First Flu Death of the 2019-2020 Season Reported in New Mexico

A woman in New Mexico has died of the flu, marking the nation’s first death as the flu season begins to ramp up.

The New Mexico Department of Health (NMDOH) said Wednesday that the woman was 90-years-old and from Bernalillo County, which covers Albuquerque. The agency also said that she was one of five reported flu cases in the state so far this year.
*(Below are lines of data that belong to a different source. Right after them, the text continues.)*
lemma is_pade_mm_imp_is_fps_pade:
  assumes "is_pade_mm \<alpha> m P Q"
  shows "is_fps_pade (fps_binomial (-\<alpha>)) m P Q"
proof -
  let ?P = "fps_of_poly P" and ?Q = "fps_of_poly Q"
  have Q0: "fps_nth ?Q 0 \<noteq> 0"
    using assms by (simp add: is_pade_mm_def poly_0_coeff_0)
  have "(\<lambda>t. poly P t / poly Q t) has_fps_expansion ?P / ?Q"
    using Q0 by (intro has_fps_expansion_divide') (auto simp: has_fps_expansion_def)
  then have quotient: "fps_nth (?P / ?Q) k = (-\<alpha>) gchoose k" if "k \<le> 2 * m" for k
    using assms that maclaurin_coeff_fps_expansion[OF has_fps_expansion_binomial_real]
    by (auto simp: is_pade_mm_def maclaurin_coeff_fps_expansion)
  have "?P = ?Q * (?P / ?Q)"
    using Q0 fps_times_divide_eq[of ?Q ?P] by (auto simp: subdegree_eq_0_iff mult.commute)
  then have "coeff P k = fps_nth (?Q * (?P / ?Q)) k" for k
    by (metis fps_of_poly_nth)
  also have "\<dots> k = fps_nth (?Q * fps_binomial (-\<alpha>)) k" if "k \<le> 2 * m" for k
    using that quotient by (intro fps_nth_mult_cong) simp
  finally show ?thesis
    using assms by (auto simp: is_fps_pade_def is_pade_mm_def)
qed
(* As formal series of linear operators on $\mathcal N_q^-$ (with $x^-_i(v)=\sum_m x^-_{i,m}v^{-m}$ acting by left multiplication), for all $1\le i,j,k,m\le N$: $$\Omega_{\psi_m}(u)x^-_i(v)=\delta_{i,m}\delta(v\gamma/u)+g_{i,m,q^{-1}}(v\gamma/u)\,x^-_i(v)\Omega_{\psi_m}(u),$$ $$\Omega_{\phi_m}(u)x^-_i(v)=\delta_{i,m}\delta(u\gamma/v)+g_{i,m}(u\gamma/v)\,x^-_i(v)\Omega_{\phi_m}(u),$$ $$(q^{(\alpha_j|\alpha_k)}u_1-u_2)\Omega_{\psi_j}(u_1)\Omega_{\psi_k}(u_2)=(u_1-q^{(\alpha_j|\alpha_k)}u_2)\Omega_{\psi_k}(u_2)\Omega_{\psi_j}(u_1),$$ $$(q^{(\alpha_j|\alpha_k)}u_1-u_2)\Omega_{\phi_j}(u_1)\Omega_{\phi_k}(u_2)=(u_1-q^{(\alpha_j|\alpha_k)}u_2)\Omega_{\phi_k}(u_2)\Omega_{\phi_j}(u_1),$$ $$(q^{(\alpha_j|\alpha_k)}\gamma^2u_1-u_2)\Omega_{\phi_j}(u_1)\Omega_{\psi_k}(u_2)=(\gamma^2u_1-q^{(\alpha_j|\alpha_k)}u_2)\Omega_{\psi_k}(u_2)\Omega_{\phi_j}(u_1).$$
   Context: Let $\mathfrak g$ be a finite-dimensional complex simple Lie algebra of rank $N$ with simple roots $\alpha_1,\dots,\alpha_N$ and invariant form $(\cdot|\cdot)$; $U_q(\widehat{\mathfrak g})$ the untwisted quantum affine algebra over $\mathbb C(q^{1/2})$ in Drinfeld's realization with generators $x^\pm_{i,r}$, $h_{i,s}$, $K_i^{\pm1}$, $\gamma^{\pm1/2}$ (central), $D^{\pm1}$; the $x^-$ satisfy $x^-_{i,k+1}x^-_{j,l}-q^{-(\alpha_i|\alpha_j)}x^-_{j,l}x^-_{i,k+1}=q^{-(\alpha_i|\alpha_j)}x^-_{i,k}x^-_{j,l+1}-x^-_{j,l+1}x^-_{i,k}$. Let $\mathcal N_q^-$ be the subalgebra generated by $\gamma^{\pm1/2}$ and all $x^-_{i,l}$. Let $\delta(z)=\sum_{k\in\mathbb Z}z^k$; let $g_{ij}(t)$ be the Taylor series at $t=0$ of $(q^{(\alpha_i|\alpha_j)}t-1)/(t-q^{(\alpha_i|\alpha_j)})$ and $g_{ij,q^{-1}}(t)$ the same with $q$ replaced by $q^{-1}$. Put $x^-_i(v)=\sum_{m}x^-_{i,m}v^{-m}$. Operators $\Omega_{\psi_i}(l),\Omega_{\phi_i}(l):\mathcal N_q^-\to\mathcal N_q^-$ ($l\in\mathbb Z$, $1\le i\le N$), with generating series $\Omega_{\psi_i}(u)=\sum_l\Omega_{\psi_i}(l)u^{-l}$, $\Omega_{\phi_i}(u)=\sum_l\Omega_{\phi_i}(l)u^{-l}$, are defined as follows: they commute with multiplication by $\gamma^{\pm1/2}$, kill $1$, and for $\bar P=x^-_{j_1}(v_1)\cdots x^-_{j_k}(v_k)$ (a generating series whose coefficients are the monomials $x^-_{j_1,n_1}\cdots x^-_{j_k,n_k}$), with $\bar P_l$ the product with the $l$-th factor omitted, $\Omega_{\psi_i}(u)(\bar P)=\sum_{l=1}^k\delta_{i,j_l}\prod_{m=1}^{l-1}g_{i,j_m,q^{-1}}(v_m/v_l)\,\bar P_l\,\delta(u/v_l\gamma)$ and $\Omega_{\phi_i}(u)(\bar P)=\sum_{l=1}^k\delta_{i,j_l}\prod_{m=1}^{l-1}g_{i,j_m}(v_l/v_m)\,\bar P_l\,\delta(u\gamma/v_l)$. *)

theory Defs
  imports "HOL-Computational_Algebra.Polynomial"
          "HOL-Computational_Algebra.Fraction_Field"
          "HOL-Computational_Algebra.Formal_Power_Series"
          "HOL-Combinatorics.Permutations"
begin

text \<open>B i j stands for the invariant form value (alpha_i | alpha_j), i, j in {1..N},
  normalized so that short simple roots have squared length 2.  The conditions below
  (symmetric, positive definite, generalized-Cartan integrality, indecomposable) say
  exactly that B is the normalized symmetrized Cartan matrix of a finite-dimensional
  complex simple Lie algebra of rank N.\<close>

definition simple_form :: "nat \<Rightarrow> (nat \<Rightarrow> nat \<Rightarrow> int) \<Rightarrow> bool" where
  "simple_form N B \<longleftrightarrow>
     N \<ge> 1 \<and>
     (\<forall>i\<in>{1..N}. \<forall>j\<in>{1..N}. B i j = B j i) \<and>
     (\<forall>i\<in>{1..N}. B i i > 0 \<and> even (B i i)) \<and>
     (\<exists>i\<in>{1..N}. B i i = 2) \<and>
     (\<forall>i\<in>{1..N}. \<forall>j\<in>{1..N}. i \<noteq> j \<longrightarrow> B i j \<le> 0 \<and> B i i dvd 2 * B i j) \<and>
     (\<forall>x :: nat \<Rightarrow> real. (\<exists>i\<in>{1..N}. x i \<noteq> 0) \<longrightarrow>
         (\<Sum>i=1..N. \<Sum>j=1..N. x i * of_int (B i j) * x j) > 0) \<and>
     (\<forall>S. S \<subseteq> {1..N} \<and> S \<noteq> {} \<and> S \<noteq> {1..N} \<longrightarrow>
         (\<exists>i\<in>S. \<exists>j\<in>{1..N} - S. B i j \<noteq> 0))"

definition cartan :: "(nat \<Rightarrow> nat \<Rightarrow> int) \<Rightarrow> nat \<Rightarrow> nat \<Rightarrow> int" where
  "cartan B i j = (2 * B i j) div B i i"

type_synonym F = "complex poly fract"

definition qh :: F where "qh = Fract [:0, 1:] 1"     \<comment> \<open>q^(1/2)\<close>
definition qq :: F where "qq = qh ^ 2"
definition qpow :: "int \<Rightarrow> F" where "qpow n = qq powi n"
definition qi :: "(nat \<Rightarrow> nat \<Rightarrow> int) \<Rightarrow> nat \<Rightarrow> F" where
  "qi B i = qh powi (B i i)"
lemma fact_triple_add:
  "(fact (3 * j + r) :: 'a::field_char_0) = fact r * 27 ^ j * (pochhammer ((of_nat r + 1) / 3) j
     * pochhammer ((of_nat r + 2) / 3) j * pochhammer ((of_nat r + 3) / 3) j)"
  using pochhammer_product'[of "1::'a" r "3 * j"] pochhammer_triple[of "1 + of_nat r :: 'a" j]
  by (simp add: pochhammer_fact add.commute add.left_commute mult_ac)

lemma Gamma_add_double_nat:
  fixes s :: real
  assumes "s \<notin> \<int>\<^sub>\<le>\<^sub>0"
  shows "Gamma (s + 2 * real j) = Gamma s * 4 ^ j * pochhammer (s / 2) j * pochhammer (s / 2 + 1 / 2) j"
proof -
  have "pochhammer s (2 * j) = 4 ^ j * pochhammer (s / 2) j * pochhammer (s / 2 + 1 / 2) j"
    using pochhammer_double[of "s / 2" j] by (simp add: power_mult)
  then show ?thesis
    using pochhammer_Gamma[OF assms, of "2 * j"] Gamma_eq_zero_iff[of s] assms
    by (simp add: field_simps)
qed

lemma diff_mult_square_le_cube:
  fixes b y :: real
  assumes "0 \<le> b" "0 \<le> y"
  shows "(b - y) * y\<^sup>2 \<le> b ^ 3"
proof (cases "y \<le> b")
  case True
  then have "(b - y) * y\<^sup>2 \<le> b * b\<^sup>2"
    using assms by (intro mult_mono power_mono) auto
  then show ?thesis
    by (simp add: power2_eq_square power3_eq_cube)
next
  case False
  then have "(b - y) * y\<^sup>2 \<le> 0"
    by (intro mult_nonpos_nonneg) auto
  then show ?thesis
    using assms by (meson order.trans zero_le_power)
qed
Three of the other cases were from Sandoval County, and one was from Santa Fe County.

Health officials urged residents to get the flu vaccines now.

From Prevention to Treatment: Everything You Need to Know About the Flu

“Flu can be fatal if left untreated or if a person – at any age – has a weakened immune system,” said NMDOH Cabinet Secretary Kathy Kunkel. “Getting your flu vaccination every year is the single best way to protect you, your family, and our state’s most vulnerable residents, from infants to the elderly.”

The last two flu seasons were difficult in the U.S. The 2017-2018 season was the deadliest in four decades, according to the Centers for Disease Control, with nearly 80,000 deaths.

Last year was milder, with 61,200 deaths, but it was the longest flu season in ten years, lasting from November to April.

The CDC recommends that people get the flu shot by the end of October for it to be most effective, and to reduce the chance of spreading the flu to others, especially children or the elderly who are more vulnerable.

“We know that antibodies peak four to six weeks after getting a vaccine and then slowly go down over the next six months,” Ann Falsey, MD, professor of medicine in the infectious disease unit at the University of Rochester Medical Center, previously told PEOPLE.

But if people do not get their shot by the end of the month, they should go whenever they can. And they shouldn’t worry that the vaccine gives them the flu — that’s a myth.

“Because the virus is inactive, it absolutely cannot transmit the infection,” Dr. Denise Pate, Internal Medicine Doctor at Medical Offices of Manhattan, previously told PEOPLE. “I think it’s important to recognize the side effects of getting the shot versus what the actual flu is.”